Stoner’s inventions in the fields of optics and electronics, and by the development of the
semiconductor pumped ultrafast laser, which he undertook jointly with Coherent Laser
Group. Cooper Mountain was subsequently acquired by Rudolph Technologies, which
was taken public in 1998. Its ultrafast optical products and systems, with sales of close
to a billion dollars, have become the standard throughout the semiconductor industry for
metal interconnect and ion implantation process control measurements.
Dr. Stoner subsequently formed Vinestone Corporation, a UK peer-to-peer database and
workflow software developer, which he sold in 2002. From 2002 to 2007 he held a
number of senior executive roles and served as Chairman of the Technical Advisory
Board at Zygo Corporation, a developer of precision optical systems and instruments for
the global aerospace and semiconductor industries. There he led three of the company’s
four divisions, and oversaw the development of numerous optical instruments and
systems, including sections of the National Ignition Facility (NIF). At Zygo he also coinvented a family of thin film measurement and surface profiling techniques using white
light interferometry, and led a joint research program with collaborators at Brown
University in Scanning Opto-Acoustic Microscopy (SOAM).

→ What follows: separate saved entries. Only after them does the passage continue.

lemma finite_support_anomaly_density:
  assumes "N > 0"
  shows "finite {j. anomaly_density N chi m n j \<noteq> 0}"
proof (cases "m + n = 0")
  case True
  then have n: "n = - m" by simp
  have "finite {j. chi j * of_int (j * (m * int N - j)) * window N m j \<noteq> 0}"
    by (rule finite_support_window)
  then show ?thesis by (rule finite_support_mono) (simp add: n anomaly_density_diagonal)
qed (simp add: anomaly_density_off_diagonal[OF assms])

lemma anomaly_sum_diagonal:
  "Sum_any (anomaly_density N chi m (- m))
   = (of_int m * of_nat N * moment N chi 1 m - moment N chi 2 m) / of_nat N"
proof -
  define f where "f p j = chi j * of_int j ^ p * window N m j" for p j
  have fin: "finite {j. f p j \<noteq> 0}" for p unfolding f_def by (rule finite_support_window)
  have fin': "finite {j. of_int m * of_nat N * f 1 j \<noteq> 0}"
    by (rule finite_support_mono[OF fin[of 1]]) simp
  have "Sum_any (anomaly_density N chi m (- m))
        = Sum_any (\<lambda>j. (of_int m * of_nat N * f 1 j - f 2 j) * (1 / of_nat N))"
    by (rule Sum_any.cong) (simp add: anomaly_density_diagonal f_def power2_eq_square field_simps)
  also have "\<dots> = Sum_any (\<lambda>j. of_int m * of_nat N * f 1 j - f 2 j) * (1 / of_nat N)"
    by (rule Sum_any_left_distrib[symmetric], rule finite_support_diff[OF fin' fin])
  also have "\<dots> = (of_int m * of_nat N * Sum_any (f 1) - Sum_any (f 2)) / of_nat N"
    by (simp only: Sum_any_diff[OF fin' fin] Sum_any_right_distrib[OF fin, symmetric]) simp
  also have "\<dots> = (of_int m * of_nat N * moment N chi 1 m - moment N chi 2 m) / of_nat N"
    by (simp only: moment_def f_def[abs_def])
  finally show ?thesis .
qed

In 2007 he joined the Clinton Foundation, where he was named the Chief Executive of
the Africa-based Clinton-Hunter Development Initiative, an economic development group
with programs in business creation, agriculture, health and reforestation operating
primarily in Rwanda and Malawi. In this role he also served as an economic advisor to
the Ministers of Finance and Agriculture in both countries. He later established and led
the Clinton Foundation’s Developing World Clean Energy Initiative, working in India and
East Africa to help governments develop renewable energy policies and projects.
Dr. Stoner joined MIT’s Energy Initiative (MITEI) in mid-2009 to help create a
multidisciplinary program involving faculty, staff and students focused on the energy
challenges of the developing world. He is currently the Executive Director of the Low
Carbon Energy University Alliance (MIT-Cambridge-Tsinghua). He also serves on the
Board of Directors of the Asia Energy Access Fund.

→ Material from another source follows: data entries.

lemma lead_prod_times:
  assumes "u \<in> reduced_span b"
  shows "lead_prod * u \<in> reduced_span (b + deg_step)"
proof -
  have "lead_prod * u \<in> reduced_span (card G * \<delta> + b)"
    by (rule span_monomials_times_reduced_span[OF lead_prod_in_span assms])
  then show ?thesis by (rule subsetD[OF reduced_span_mono, rotated]) (simp add: deg_step_def)
qed

lemma lead_prod_power_times:
  assumes "u \<in> reduced_span b"
  shows "lead_prod ^ i * u \<in> reduced_span (b + i * deg_step)"
proof (induction i)
  case 0
  then show ?case using assms by simp
next
  case (Suc i)
  from lead_prod_times[OF Suc.IH] show ?case by (simp add: ac_simps)
qed

lemma reduced_split:
  assumes "r \<in> reduced" "g \<in> G"
  obtains i r' where "i < n g" "r = g ^ i * r'" "\<And>j. j < n g \<Longrightarrow> g ^ j * r' \<in> reduced"
proof -
  obtain f where f: "f \<in> PiE G (\<lambda>g. {..<n g})" "r = (\<Prod>g\<in>G. g ^ f g)"
    using assms(1) unfolding reduced_def by auto
  define r' where "r' = (\<Prod>g'\<in>G - {g}. g' ^ f g')"
  have split: "(\<Prod>g'\<in>G. g' ^ h g') = g ^ h g * (\<Prod>g'\<in>G - {g}. g' ^ h g')" for h
    using assms(2) finite_G by (simp add: prod.remove)
  have "g ^ j * r' \<in> reduced" if "j < n g" for j
  proof -
    have "f(g := j) \<in> PiE G (\<lambda>g. {..<n g})"
      using f(1) that assms(2) by (auto simp: PiE_def Pi_def extensional_def)
    moreover have "(\<Prod>g'\<in>G - {g}. g' ^ (f(g := j)) g') = r'"
      unfolding r'_def by (intro prod.cong) auto
    then have "g ^ j * r' = (\<Prod>g'\<in>G. g' ^ (f(g := j)) g')" by (simp add: split)
    ultimately show ?thesis
      unfolding reduced_def by (rule image_eqI[where f = "\<lambda>f. \<Prod>g\<in>G. g ^ f g", rotated])
  qed
  moreover have "f g < n g" "r = g ^ f g * r'"
    using f assms(2) split[of f] unfolding r'_def by auto
  ultimately show thesis using that by blast
qed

Dr. Stoner received a Bachelor of Science degree in Engineering Physics with High
Honors from Queen’s University, Canada, and a doctorate in condensed matter physics
from Brown University. He was a National Science and Engineering Research Council
of Canada Scholar, and Brown Fellow, and an Adjunct Professor of Engineering at
Brown from 1995 through 2005. His current technical interests include energy
distribution systems, and phonon imaging.